On July 5, 2017, the Federal Reserve Board (FRB) and Federal Deposit Insurance Corporation (FDIC) released the public sections of the 2017 resolution plans submitted by all eight US global systemically important banks (G-SIBs).1 The 2017 public sections are substantially longer than the 2015 public sections submitted in connection with the firms’ last full submissions—863 pages in 2017 compared to 520 pages in 2015—and contain significant new details about the G-SIBs’ completed and forthcoming enhancements to resolution planning capabilities to address regulatory concerns.

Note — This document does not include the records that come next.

(* Let $g$ be a probability density on $(0,\infty)$, let $\mu_1 \sim g$, and define $p(\zeta) = P_g(\mu_1 \le \zeta)$ and $v(\zeta) = E_g(\zeta - \mu_1)^+$. Let $\lambda > 0$ and $n \ge 1$, and for $\zeta > 0$ define $$r_n(\zeta) = \frac{\lambda}{p(\zeta)} + n\, E_g(\mu_1 \mid \mu_1 \le \zeta).$$ Let $\zeta_n$ be such that $v(\zeta_n) = \frac{\lambda}{n}$. Then $$\inf_{\zeta>0} r_n(\zeta) = r_n(\zeta_n) = n\zeta_n.$$
   Context: $a^+ = \max(0,a)$. In the paper, $\lambda = \int_0^\infty E_\mu(X \mid X>0)\, g(\mu)\, d\mu$ is the mean of the first non-zero reward of a random arm, where $X \sim F_\mu$ is a non-negative reward with mean $\mu$; $r_n(\zeta)$ is the asymptotic regret of an idealized algorithm that rejects arms with mean above $\zeta$. *)

theory Defs
  imports "HOL-Analysis.Analysis"
begin

definition is_density_pos :: "(real \<Rightarrow> real) \<Rightarrow> bool" where
  "is_density_pos g \<longleftrightarrow> (\<forall>x>0. 0 \<le> g x) \<and> set_integrable lborel {0<..} g
     \<and> (LBINT x:{0<..}. g x) = 1"

definition pfun :: "(real \<Rightarrow> real) \<Rightarrow> real \<Rightarrow> real" where
  "pfun g \<zeta> = (LBINT x:{0<..\<zeta>}. g x)"

definition vfun :: "(real \<Rightarrow> real) \<Rightarrow> real \<Rightarrow> real" where
  "vfun g \<zeta> = (LBINT x:{0<..}. max 0 (\<zeta> - x) * g x)"

text \<open>E_g(mu_1 | mu_1 <= zeta), meaningful when pfun g zeta > 0\<close>
definition condmean :: "(real \<Rightarrow> real) \<Rightarrow> real \<Rightarrow> real" where
  "condmean g \<zeta> = (LBINT x:{0<..\<zeta>}. x * g x) / pfun g \<zeta>"

text \<open>r_n(zeta) = lam / p(zeta) + n E_g(mu_1 | mu_1 <= zeta), with value +infinity
  when p(zeta) = 0 (then lam/p(zeta) = +infinity).\<close>
definition rfun :: "(real \<Rightarrow> real) \<Rightarrow> real \<Rightarrow> nat \<Rightarrow> real \<Rightarrow> ereal" where
  "rfun g lam n \<zeta> = (if pfun g \<zeta> = 0 then \<infinity>
     else ereal (lam / pfun g \<zeta> + real n * condmean g \<zeta>))"

end

theory Submission
  imports Defs
begin

(* The function v is convex with supergradient p, i.e. v(a) >= v(b) + (a - b) p(b) for all a, b,
   and v(z) = z p(z) - M(z) with M(z) = E(mu_1; mu_1 <= z). Since r_n(z) = (lam + n M(z)) / p(z),
   the bound r_n(z) >= n z_n is equivalent to lam/n >= z_n p(z) - M(z) = v(z) + (z_n - z) p(z),
   which is the supergradient inequality at z_n because v(z_n) = lam/n; at z = z_n it is an
   equality. *)

definition truncated_moment :: "(real \<Rightarrow> real) \<Rightarrow> real \<Rightarrow> real" where
  "truncated_moment g \<zeta> = (LBINT x:{0<..\<zeta>}. x * g x)"

definition density_on_pos :: "(real \<Rightarrow> real) \<Rightarrow> real \<Rightarrow> real" where
  "density_on_pos g x = indicator {0<..} x * g x"

lemma pfun_eq_integral:
  "pfun g \<zeta> = (\<integral>x. indicator {..\<zeta>} x * density_on_pos g x \<partial>lborel)"
  unfolding pfun_def set_lebesgue_integral_def density_on_pos_def
  by (rule Bochner_Integration.integral_cong) (auto simp: indicator_def)

lemma vfun_eq_integral:
  "vfun g \<zeta> = (\<integral>x. max 0 (\<zeta> - x) * density_on_pos g x \<partial>lborel)"
  unfolding vfun_def set_lebesgue_integral_def density_on_pos_def
  by (rule Bochner_Integration.integral_cong) (auto simp: indicator_def)

lemma truncated_moment_eq_integral:
  "truncated_moment g \<zeta> = (\<integral>x. (x * indicator {..\<zeta>} x) * density_on_pos g x \<partial>lborel)"
  unfolding truncated_moment_def set_lebesgue_integral_def density_on_pos_def
  by (rule Bochner_Integration.integral_cong) (auto simp: indicator_def)

lemma condmean_eq_truncated_moment: "condmean g \<zeta> = truncated_moment g \<zeta> / pfun g \<zeta>"
  by (simp add: condmean_def truncated_moment_def)

lemma integrable_bounded_mult:
  fixes G h :: "real \<Rightarrow> real"
  assumes "integrable lborel G" "h \<in> borel_measurable borel"
    and "\<And>x. norm (h x * G x) \<le> norm (B * G x)"
  shows "integrable lborel (\<lambda>x. h x * G x)"
proof (rule Bochner_Integration.integrable_bound[of _ "\<lambda>x. B * G x"])
  show "integrable lborel (\<lambda>x. B * G x)" using assms(1) by simp
  have "G \<in> borel_measurable lborel" using assms(1) by auto
  then show "(\<lambda>x. h x * G x) \<in> borel_measurable lborel" using assms(2) by measurable
  show "AE x in lborel. norm (h x * G x) \<le> norm (B * G x)" using assms(3) by simp
qed

context
  fixes g :: "real \<Rightarrow> real"
  assumes density: "is_density_pos g"
begin

lemma density_on_pos_nonneg: "0 \<le> density_on_pos g x"
  using density unfolding is_density_pos_def density_on_pos_def by (auto simp: indicator_def)

lemma density_on_pos_nonpos: "x \<le> 0 \<Longrightarrow> density_on_pos g x = 0"
  unfolding density_on_pos_def by simp

lemma integrable_density_on_pos: "integrable lborel (density_on_pos g)"
  using density unfolding is_density_pos_def density_on_pos_def set_integrable_def by simp

lemma integrable_indicator_density:
  "integrable lborel (\<lambda>x. indicator {..\<zeta>} x * density_on_pos g x)"
  by (rule integrable_bounded_mult[OF integrable_density_on_pos, of _ 1])
    (auto simp: indicator_def density_on_pos_nonneg abs_mult)

lemma integrable_truncated_moment:
  "integrable lborel (\<lambda>x. (x * indicator {..\<zeta>} x) * density_on_pos g x)"
proof (rule integrable_bounded_mult[OF integrable_density_on_pos, of _ "\<bar>\<zeta>\<bar>"])
  show "(\<lambda>x. x * indicator {..\<zeta>} x) \<in> borel_measurable borel" by measurable
  fix x show "norm (x * indicator {..\<zeta>} x * density_on_pos g x) \<le> norm (\<bar>\<zeta>\<bar> * density_on_pos g x)"
    using density_on_pos_nonpos[of x] density_on_pos_nonneg[of x]
    by (cases "x \<le> 0") (auto simp: indicator_def abs_mult intro!: mult_right_mono)
qed

lemma integrable_vfun:
  "integrable lborel (\<lambda>x. max 0 (\<zeta> - x) * density_on_pos g x)"
proof (rule integrable_bounded_mult[OF integrable_density_on_pos, of _ "\<bar>\<zeta>\<bar>"])
  show "(\<lambda>x. max 0 (\<zeta> - x)) \<in> borel_measurable borel" by measurable
  fix x show "norm (max 0 (\<zeta> - x) * density_on_pos g x) \<le> norm (\<bar>\<zeta>\<bar> * density_on_pos g x)"
    using density_on_pos_nonpos[of x] density_on_pos_nonneg[of x]
    by (cases "x \<le> 0") (auto simp: abs_mult intro!: mult_right_mono)
qed

lemma pfun_nonneg: "0 \<le> pfun g \<zeta>"
  unfolding pfun_eq_integral by (rule integral_nonneg_AE) (auto simp: density_on_pos_nonneg)

lemma truncated_moment_nonneg: "0 \<le> truncated_moment g \<zeta>"
  unfolding truncated_moment_eq_integral
proof (rule integral_nonneg_AE, rule AE_I2)
  fix x show "0 \<le> x * indicator {..\<zeta>} x * density_on_pos g x"
    using density_on_pos_nonneg[of x] density_on_pos_nonpos[of x]
    by (cases "x \<le> 0") (auto simp: indicator_def)
qed

lemma vfun_eq_pfun_truncated_moment: "vfun g \<zeta> = \<zeta> * pfun g \<zeta> - truncated_moment g \<zeta>"
proof -
  have "vfun g \<zeta> = (\<integral>x. \<zeta> * (indicator {..\<zeta>} x * density_on_pos g x)
      - (x * indicator {..\<zeta>} x) * density_on_pos g x \<partial>lborel)"
    unfolding vfun_eq_integral
    by (rule Bochner_Integration.integral_cong) (auto simp: indicator_def algebra_simps)
  also have "\<dots> = \<zeta> * pfun g \<zeta> - truncated_moment g \<zeta>"
    using integrable_indicator_density integrable_truncated_moment
    by (simp add: pfun_eq_integral truncated_moment_eq_integral)
  finally show ?thesis .
qed

lemma vfun_supergradient: "(a - b) * pfun g b \<le> vfun g a - vfun g b"
proof -
  have "(a - b) * pfun g b = (\<integral>x. (a - b) * indicator {..b} x * density_on_pos g x \<partial>lborel)"
    unfolding pfun_eq_integral by (simp add: mult.assoc)
  also have "\<dots> \<le> (\<integral>x. max 0 (a - x) * density_on_pos g x
      - max 0 (b - x) * density_on_pos g x \<partial>lborel)"
  proof (rule integral_mono)
    show "integrable lborel (\<lambda>x. (a - b) * indicator {..b} x * density_on_pos g x)"
      using integrable_indicator_density[of b] by (simp add: mult.assoc)
    show "integrable lborel
        (\<lambda>x. max 0 (a - x) * density_on_pos g x - max 0 (b - x) * density_on_pos g x)"
      using integrable_vfun by auto
    fix x
    have "(a - b) * indicator {..b} x \<le> max 0 (a - x) - max 0 (b - x)"
      by (auto simp: indicator_def)
    then have "(a - b) * indicator {..b} x * density_on_pos g x
        \<le> (max 0 (a - x) - max 0 (b - x)) * density_on_pos g x"
      using density_on_pos_nonneg by (rule mult_right_mono)
    then show "(a - b) * indicator {..b} x * density_on_pos g x
        \<le> max 0 (a - x) * density_on_pos g x - max 0 (b - x) * density_on_pos g x"
      by (simp add: algebra_simps)
  qed
  also have "\<dots> = vfun g a - vfun g b"
    using integrable_vfun by (simp add: vfun_eq_integral)
  finally show ?thesis .
qed

lemma pfun_pos_if_vfun_pos:
  assumes "0 < vfun g \<zeta>"
  shows "0 < pfun g \<zeta>" and "0 < \<zeta>"
proof -
  have "0 < \<zeta> * pfun g \<zeta>"
    using assms vfun_eq_pfun_truncated_moment[of \<zeta>] truncated_moment_nonneg[of \<zeta>] by linarith
  then show "0 < pfun g \<zeta>" "0 < \<zeta>"
    using pfun_nonneg[of \<zeta>] by (auto simp: zero_less_mult_iff)
qed

end

lemma rfun_eq_ratio:
  assumes "0 < pfun g \<zeta>"
  shows "rfun g lam n \<zeta> = ereal ((lam + real n * truncated_moment g \<zeta>) / pfun g \<zeta>)"
  using assms by (simp add: rfun_def condmean_eq_truncated_moment add_divide_distrib)

lemma rfun_at_level:
  assumes "is_density_pos g" "0 < pfun g \<zeta>n" "0 < n" "vfun g \<zeta>n = lam / real n"
  shows "rfun g lam n \<zeta>n = ereal (real n * \<zeta>n)"
proof -
  have "lam = real n * (\<zeta>n * pfun g \<zeta>n - truncated_moment g \<zeta>n)"
    using assms(3,4) vfun_eq_pfun_truncated_moment[OF assms(1), of \<zeta>n] by (simp add: field_simps)
  then show ?thesis
    using assms(2) by (simp add: rfun_eq_ratio field_simps)
qed

lemma rfun_ge_level:
  assumes "is_density_pos g" "0 < n" "vfun g \<zeta>n = lam / real n"
  shows "ereal (real n * \<zeta>n) \<le> rfun g lam n \<zeta>"
proof (cases "pfun g \<zeta> = 0")
  case True
  then show ?thesis by (simp add: rfun_def)
next
  case False
  then have p_pos: "0 < pfun g \<zeta>" using pfun_nonneg[OF assms(1), of \<zeta>] by simp
  have "real n * (\<zeta>n * pfun g \<zeta> - truncated_moment g \<zeta>) \<le> lam"
    using vfun_supergradient[OF assms(1), of \<zeta>n \<zeta>] vfun_eq_pfun_truncated_moment[OF assms(1), of \<zeta>]
      assms(2,3) by (simp add: field_simps)
  then have "real n * \<zeta>n \<le> (lam + real n * truncated_moment g \<zeta>) / pfun g \<zeta>"
    using p_pos by (simp add: pos_le_divide_eq algebra_simps)
  then show ?thesis using p_pos by (simp add: rfun_eq_ratio)
qed

theorem lemma1:
  fixes g :: "real \<Rightarrow> real" and lam :: real and n :: nat and \<zeta>n :: real
  assumes "is_density_pos g"
    and "lam > 0" and "n \<ge> 1"
    and "vfun g \<zeta>n = lam / real n"
  shows "(INF \<zeta>\<in>{0<..}. rfun g lam n \<zeta>) = rfun g lam n \<zeta>n
         \<and> rfun g lam n \<zeta>n = ereal (real n * \<zeta>n)"
proof -
  have n_pos: "0 < n" using assms(3) by simp
  have "0 < vfun g \<zeta>n" using assms(2,4) n_pos by simp
  then have p_pos: "0 < pfun g \<zeta>n" and \<zeta>n_pos: "0 < \<zeta>n"
    using pfun_pos_if_vfun_pos[OF assms(1)] by auto
  have at_level: "rfun g lam n \<zeta>n = ereal (real n * \<zeta>n)"
    using rfun_at_level[OF assms(1) p_pos n_pos assms(4)] .
  have "(INF \<zeta>\<in>{0<..}. rfun g lam n \<zeta>) = rfun g lam n \<zeta>n"
  proof (rule antisym)
    show "(INF \<zeta>\<in>{0<..}. rfun g lam n \<zeta>) \<le> rfun g lam n \<zeta>n"
      using \<zeta>n_pos by (simp add: INF_lower)
    show "rfun g lam n \<zeta>n \<le> (INF \<zeta>\<in>{0<..}. rfun g lam n \<zeta>)"
      using rfun_ge_level[OF assms(1) n_pos assms(4)] at_level by (simp add: INF_greatest)
  qed
  with at_level show ?thesis by simp
qed

end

The 2017 plans were submitted after the FRB and FDIC (collectively, the “Agencies”) jointly determined that the 2015 plans submitted by five of the eight G-SIBs were “not credible or would not facilitate an order resolution under the Bankruptcy Code.”2 (After the firms submitted remediation plans, the Agencies jointly determined that the firms had adequately remediated the identified deficiencies.) The 2017 public sections make clear that the G-SIBs have benefitted from the Agencies’ increased transparency across the key resolution planning capabilities, as the institutions have demonstrated significant improvements in each of these areas.
Although the Agencies have not yet reviewed either the confidential or public portion of the 2017 plans, the findings related to the 2015 plans illustrate the heightened expectations with respect to resolution planning. If the Agencies determine that a plan is “not credible” and the firm does not remediate an identified deficiency, they may impose more stringent capital, leverage, or liquidity requirements, or restrictions on the firm’s growth, activities, or operations until it submits a plan that remediates the deficiency.
The next full plan submissions for all eight US G-SIBs are due by July 1, 2018.